Over the weekend I met with the CEO of BLUR Search Technologies . Jaime is also my brother-in-Law, and has sponsored IndieWebCamp NYC in 2018. We mainly gathered for Thanskgiving, the second Thanksgiving, and finally leftovers.
As we all played clean the fridge we snuck away to scope out a possible search engine for the IndieWeb Community. Blur Search Technologies will donate time and technology but we will need some help in implementing some building blocks IndieAuth, Post Type Discovery Algorithm, etc.
We will also check out and see how much of indiemap.org. I think it will be a ton, plus we have data already to play with.
Opt-in with IndieAuth
Yes many of us publish openly, even with liberal licenses that allow for remixing and forking but this does not mean we want the data scraped, parsed, and sorted. The right thing and what you have the right to do are not always the same.
Thus the first feature we would need to have would be an opt-in service using the IndieAuth protocol. Meaning the only website data the search engine would collect would be that which you authorized.
Types of Tables
We first discussed what types of tables and data are available to fill these tables. We did not decide if each top level h* would get a table or we would the h* as the first column.
Again we looked at Grant Richmond's UI, but the h-card directory would get parsed as soon as someone joins the search engine.
A feed reader could then be used to index sites. Using the post type discovery algorithim and existing microformats parsers we can add columns for all the properties used in:
For large blogs with decades and gigs of post we will index the pages overtime in the background. Adding sites quickly gets more expensive even quicker.
Some queries, like those involving people would get hard coded into the search engine. You could ask:
- Where is @x? -Then the search engine would qury the chekin posts for that person and tell you the last known location
- Who is @x? Will present the the h-card of a person. If there is a p-note or p-summary present then a tagline will appear in the results.

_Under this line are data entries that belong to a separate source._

lemma ex_proper_coloring_sum_layers:
  fixes r :: "'a \<Rightarrow> nat"
  assumes "finite V" and edges: "\<forall>e\<in>E. e \<subseteq> V \<and> card e = 2" and "A \<subseteq> V \<times> V"
    and incr: "\<forall>(u, v)\<in>A. r u < r v" and bounded: "\<forall>v\<in>V. r v \<le> m"
  shows "\<exists>c. proper_coloring V E A
           (\<Sum>i = 0..m. chi_u {v \<in> V. r v = i} (induced_edges E {v \<in> V. r v = i})) c"
proof -
  define L where "L i = {v \<in> V. r v = i}" for i
  define K where "K i = chi_u (L i) (induced_edges E (L i))" for i
  have "\<exists>c. proper_ucoloring (L i) (induced_edges E (L i)) (K i) c" for i
    unfolding K_def by (rule ex_proper_ucoloring_chi_u_induced) (simp add: L_def assms(1))
  then obtain C where C: "\<And>i. proper_ucoloring (L i) (induced_edges E (L i)) (K i) (C i)"
    by metis
  define S where "S i = (\<Sum>j<i. K j)" for i
  define c where "c v = S (r v) + C (r v) v" for v
  have c_range: "S (r v) < c v \<and> c v \<le> S (Suc (r v))" if "v \<in> V" for v
    using C[of "r v"] that by (auto simp: c_def S_def L_def proper_ucoloring_def)
  have S_mono: "i \<le> j \<Longrightarrow> S i \<le> S j" for i j
    unfolding S_def by (rule sum_mono2) auto
  have c_less: "c u < c v" if "u \<in> V" "v \<in> V" "r u < r v" for u v
    using c_range[OF that(1)] c_range[OF that(2)] S_mono[of "Suc (r u)" "r v"] that(3) by linarith
  have "proper_coloring V E A (S (Suc m)) c"
    unfolding proper_coloring_def
  proof (intro conjI ballI impI)
    fix v assume "v \<in> V"
    then show "c v \<in> {1..S (Suc m)}"
      using c_range[of v] S_mono[of "Suc (r v)" "Suc m"] bounded by fastforce
  next
    fix e u v assume e: "e \<in> E" "u \<in> e" "v \<in> e" "u \<noteq> v"
    then have "e = {u, v}" and "u \<in> V" "v \<in> V"
      using edges by (auto simp: card_2_iff)
    show "c u \<noteq> c v"
    proof (cases "r u = r v")
      case True
      with e \<open>e = {u, v}\<close> \<open>u \<in> V\<close> \<open>v \<in> V\<close> have "e \<in> induced_edges E (L (r u))"
        by (auto simp: induced_edges_def L_def)
      with C[of "r u"] e True show ?thesis by (auto simp: c_def proper_ucoloring_def)
    next
      case False
      with c_less \<open>u \<in> V\<close> \<open>v \<in> V\<close> show ?thesis by (metis linorder_neq_iff less_irrefl)
    qed
  next
    fix a assume "a \<in> A"
    then obtain u v where "a = (u, v)" "u \<in> V" "v \<in> V" "r u < r v"
      using assms(3) incr by (cases a) auto
    with c_less show "case a of (u, v) \<Rightarrow> c u < c v" by simp
  qed
  moreover have "S (Suc m) = (\<Sum>i = 0..m. K i)"
    by (simp add: S_def atLeast0AtMost lessThan_Suc_atMost)
  ultimately have "proper_coloring V E A (\<Sum>i = 0..m. K i) c" by simp
  then show ?thesis unfolding K_def L_def by blast
qed
(* Let $\lambda\in\mathbb{C}$ with $\operatorname{Re}\lambda\ge 0$, and let $(p,q)\in H^2(\mathbb{R})\times H^2(\mathbb{R})$ be a solution of the eigenvalue problem \[ \lambda p = p_{\xi\xi}+c\,p_\xi+F_w(\widehat w)\,\widehat y\,(hp-(1-h)q)+F(\widehat w)\,q,\qquad \lambda q = \varepsilon q_{\xi\xi}+c\,q_\xi-F_w(\widehat w)\,\widehat y\,(hp-(1-h)q)-F(\widehat w)\,q . \] Then for every real $\epsilon_1>0$, \[ \operatorname{Re}\lambda\int_{\mathbb{R}}|p|^2\,d\xi\le h\int_{\mathbb{R}}F_w(\widehat w)\,\widehat y\,|p|^2\,d\xi+\int_{\mathbb{R}}\big(F(\widehat w)+(1-h)F_w(\widehat w)\,\widehat y\big)\Big(\frac{|q|^2}{4\epsilon_1}+\epsilon_1|p|^2\Big)d\xi, \] and \[ \big(\operatorname{Re}\lambda+|\operatorname{Im}\lambda|\big)\int_{\mathbb{R}}|p|^2\,d\xi\le \frac{c^2}{4}\int_{\mathbb{R}}|p|^2\,d\xi+h\int_{\mathbb{R}}F_w(\widehat w)\,\widehat y\,|p|^2\,d\xi+\int_{\mathbb{R}}\big(F(\widehat w)+(1-h)F_w(\widehat w)\,\widehat y\big)\Big(\frac{|q|^2}{2\epsilon_1}+\epsilon_1|p|^2\Big)d\xi . \]
   Context: Parameters: $\varepsilon\in(0,1)$, $h\in(0,1)$, Zeldovich number $Z>0$, $\sigma\in(0,1)$, ignition temperature $T_{ign}>0$ and $\delta>0$ with $T_{ign}+2\delta<1$. The reaction rate $F=F_\delta$ is \[ F(v)=\begin{cases}\exp\!\Big(Z\frac{v-h}{\sigma+(1-\sigma)v}\Big), & v\ge T_{ign}+2\delta,\\[2pt] \exp\!\Big(Z\frac{v-h}{\sigma+(1-\sigma)v}\Big)H^\delta(v-T_{ign}-\delta), & T_{ign}\le v<T_{ign}+2\delta,\\[2pt] 0, & v<T_{ign},\end{cases} \] where $H^\delta(x)=1/(1+e^{4x\delta/(\delta^2-x^2)})$ for $|x|<\delta$, $H^\delta(x)=1$ for $x\ge\delta$, $H^\delta(x)=0$ for $x\le-\delta$. $F$ is nonnegative and nondecreasing, and $F_w$ denotes its derivative (so $F_w\ge 0$). $c>0$ and $(\widehat u,\widehat y)$ is a traveling front, i.e. a solution of $u''+cu'+yF(hu+(1-h)(1-y))=0$, $\varepsilon y''+cy'-yF(hu+(1-h)(1-y))=0$ with $(u,y)\to(1,0)$ as $\xi\to-\infty$ and $(u,y)\to(0,1)$ as $\xi\to+\infty$; it is assumed that $0\le\widehat y\le 1$ and $0\le \widehat w\le 1$, where $\widehat w=h\widehat u+(1-h)(1-\widehat y)$. *)

theory Defs
  imports "HOL-Analysis.Analysis"
begin

text \<open>Smoothed Heaviside function H^delta (sign of the exponent corrected so that
  H^delta increases smoothly from 0 to 1 on (-delta, delta)).\<close>
definition Hdelta :: "real \<Rightarrow> real \<Rightarrow> real" where
  "Hdelta \<delta> x =
     (if \<delta> \<le> x then 1
      else if x \<le> - \<delta> then 0
      else 1 / (1 + exp (- (4 * x * \<delta> / (\<delta>\<^sup>2 - x\<^sup>2)))))"

definition Frate :: "real \<Rightarrow> real \<Rightarrow> real \<Rightarrow> real \<Rightarrow> real \<Rightarrow> real \<Rightarrow> real" where
  "Frate Z h \<sigma> Tign \<delta> v =
     (if Tign + 2 * \<delta> \<le> v then exp (Z * (v - h) / (\<sigma> + (1 - \<sigma>) * v))
      else if Tign \<le> v then exp (Z * (v - h) / (\<sigma> + (1 - \<sigma>) * v)) * Hdelta \<delta> (v - Tign - \<delta>)
      else 0)"

definition Fw :: "real \<Rightarrow> real \<Rightarrow> real \<Rightarrow> real \<Rightarrow> real \<Rightarrow> real \<Rightarrow> real" where
  "Fw Z h \<sigma> Tign \<delta> v = deriv (Frate Z h \<sigma> Tign \<delta>) v"

definition L2 :: "(real \<Rightarrow> complex) \<Rightarrow> bool" where
  "L2 f \<longleftrightarrow> f \<in> borel_measurable lborel \<and> integrable lborel (\<lambda>x. (norm (f x))\<^sup>2)"

text \<open>For solutions of the eigenvalue problem (continuous coefficients) H^2 solutions are
  exactly the C^2 ones, so derivatives are taken classically.\<close>
definition H2 :: "(real \<Rightarrow> complex) \<Rightarrow> (real \<Rightarrow> complex) \<Rightarrow> (real \<Rightarrow> complex) \<Rightarrow> bool" where
  "H2 f f1 f2 \<longleftrightarrow>
     (\<forall>x. (f has_vector_derivative f1 x) (at x)) \<and>
     (\<forall>x. (f1 has_vector_derivative f2 x) (at x)) \<and>
     L2 f \<and> L2 f1 \<and> L2 f2"
lemma word_length_upper_bound:
  assumes "3 \<le> n" "generates_houghton n S"
  obtains K :: real where "K > 0"
    and "\<And>\<sigma>. houghton n \<sigma> \<Longrightarrow> 2 \<le> complexity n \<sigma> \<Longrightarrow>
      real (word_length S \<sigma>) \<le> K * real (complexity n \<sigma>) * ln (real (complexity n \<sigma>))"
proof -
  obtain L where L: "\<And>ws. set ws \<subseteq> push_letters n \<Longrightarrow> word_length S (push_word ws) \<le> L * length ws"
    using word_length_le_push_length[OF assms(2)] by blast
  show thesis
  proof (rule that[of "(real L + 1) * 10 / ln 2"])
    fix \<sigma> assume h: "houghton n \<sigma>" and P: "2 \<le> complexity n \<sigma>"
    define P where "P = complexity n \<sigma>"
    obtain ws where ws: "set ws \<subseteq> push_letters n" "length ws \<le> 2 * P + 4 * P * ceillog2 P"
      "push_word ws = \<sigma>"
      using houghton_push_word[OF assms(1) h le_two_power_ceillog2] unfolding P_def by blast
    then have "word_length S \<sigma> \<le> L * (2 * P + 4 * P * ceillog2 P)"
      using L[OF ws(1)] by (metis le_trans mult_le_mono2)
    then have "real (word_length S \<sigma>) \<le> real L * real (2 * P + 4 * P * ceillog2 P)"
      by (metis of_nat_le_iff of_nat_mult)
    also have "\<dots> \<le> (real L + 1) * (10 / ln 2 * real P * ln (real P))"
      using push_length_bound P unfolding P_def by (intro mult_mono) auto
    finally show "real (word_length S \<sigma>) \<le> (real L + 1) * 10 / ln 2 * real P * ln (real P)"
      by (simp add: field_simps)
  qed simp
qed

theorem mainTheorem5:
  fixes n :: nat and S :: "perm set"
  assumes "3 \<le> n" and "finite S" and "generates_houghton n S"
  shows "\<exists>C K :: real. C > 0 \<and> K > 0 \<and>
           (\<forall>\<sigma>. houghton n \<sigma> \<and> complexity n \<sigma> \<ge> 2 \<longrightarrow>
              real (complexity n \<sigma>) / C \<le> real (word_length S \<sigma>) \<and>
              real (word_length S \<sigma>) \<le> K * real (complexity n \<sigma>) * ln (real (complexity n \<sigma>)))"
proof -
  obtain C where "C > 0"
    and "\<And>\<sigma>. houghton n \<sigma> \<Longrightarrow> real (complexity n \<sigma>) / C \<le> real (word_length S \<sigma>)"
    using word_length_lower_bound[OF assms(2,3)] by blast
  moreover obtain K where "K > 0"
    and "\<And>\<sigma>. houghton n \<sigma> \<Longrightarrow> 2 \<le> complexity n \<sigma> \<Longrightarrow>
      real (word_length S \<sigma>) \<le> K * real (complexity n \<sigma>) * ln (real (complexity n \<sigma>))"
    using word_length_upper_bound[OF assms(1,3)] by blast
  ultimately show ?thesis by blast
qed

- What is @x Mastodon name? Queries the directory and finds the rel-me link
- What (movie, book, podcast) is most popular? This would query the frequency of "p-name" in the h-cite" of any watch, read or listen post (or whatever is the corect answer, much of this is new). These queries could of course be date restricted.
The keyword search would look for exact matches in:
- first p-name after the h-*
- p-category or rel="tag"
These could then be weighted in some form of ranking
- +100 if keyword in the p-name and alo p-category
- +50 if p-name
- +25 if p-category
- +10 for each exact match in the content
We needed to scope out an MVP which this blog post now completes. Next we will start working on testing the different microformats to json parsers to populate tables with dynamic columns to see which can be static columns.
We will start with my blog but need a few other volunteers. Find me in chat if interested.
reminded me of https://
We also need help from people with experience using the IndieWeb building blocks.
Can we add a micropub client so if you are signed into the search engine you can reply and interact with the results?
Can we develop APIs so people could add the search engine natively to their blogs for both local and network searches?
Could a private search enging help protect vunerable blogging communities by controlling not only who can use the search engine but giving uvers full control over what data is parsed?
Overall I think an opt-in search engine, where you can add and subtract your data as easy as every other time you use IndieLogIn will be great for the community. Search technologies combined with existing building blocks the #IndieWeb already created such a search tool would be useful to other consumable feeds in the #fediverse as well.